We left Amsterdam at 8:30pm or so and headed to Athens. We arrived a few minutes early and my stomach started doing a tango in fear that we would not meet our luggage. Or that only some of us would get it. Amazingly enough - all our luggage arrived in good condition and we headed out in hopes to meet our ride. Dimitris, an Inchcape Agent that works with Holland America, met us right outside the customs area with a sign that said "Carlson Party". I felt so official! We were escorted to our hotel in Piraeus several miles away in a Mercedes Benz "sprinter". Very comfortable an d we were blessed beyond measure by the kindness of our driver and Dimitris to pick us up at 1AM on a ship day! They arranged a late check-out for us at the hotel and reminded us to be ready to go at 12noon when they would return to pick us up.

Our hotel room at the Triton was small and the bathroom even smaller - if that was possible. But, it was clean and the beds were comfortable. We got up in the morning and ate breakfast (which was included) and then wander out for a look around. It was a typical working-class European neighborhood with fish/meat/vegetable markets, banks, churches and the very large port just across the way.

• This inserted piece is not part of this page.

(* Let $\mathcal{F}$ be a filtration of a finite simplicial complex and $\sigma\notin\mathcal{F}$ a simplex such that $\mathcal{F}\cup\sigma$ (the filtration with $\sigma$ inserted at some filtration value) is a valid filtration. For $\alpha\in(1,\infty)$ and $k\ge1$ let $\Pi_k(\alpha;\mathcal{F})$ be the number of points $(b,d)\in\mathrm{dgm}_k(\mathcal{F})$ with $d/b\ge\alpha$. If $\dim\sigma\in\{k,k+1\}$, then \[ \Pi_k(\alpha;\mathcal{F})-1\le\Pi_k(\alpha;\mathcal{F}\cup\sigma)\le\Pi_k(\alpha;\mathcal{F})+1; \] otherwise $\Pi_k(\alpha;\mathcal{F}\cup\sigma)=\Pi_k(\alpha;\mathcal{F})$.
   Context: A filtration assigns to each simplex a filtration value $w$ such that faces enter no later than their cofaces; the $k$-th persistent homology (field coefficients) decomposes into intervals $[b,d)$ with $b<d\le\infty$, and $\mathrm{dgm}_k$ is the multiset of such $(b,d)$. Filtration values of the simplices contributing births are taken positive so that the ratio $d/b$ is defined, with $d=\infty$ giving ratio $\infty$. Ties between simplices with equal filtration values are broken by an arbitrary but consistent total order. *)

theory Defs
  imports "HOL-Analysis.Analysis" "HOL-Library.Function_Algebras" "HOL-Library.Multiset"
begin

Dimitris and the driver were early to pick us up and we drove to the Pier where were were to embark. I was glad we had a ride, or it would have been a bit of a hike with our luggage in tow. When we arrived, were were once again greeted by our new-found friends from Inchcape and the embarkation went well. I was even able to chat a bit with the Holland Port Agent, Cathy Cox, whom I had not seen since my tenure in Seattle. It was a nice surprise! We took lots of pictures of the ship in port, then got on, ate and headed to our staterooms.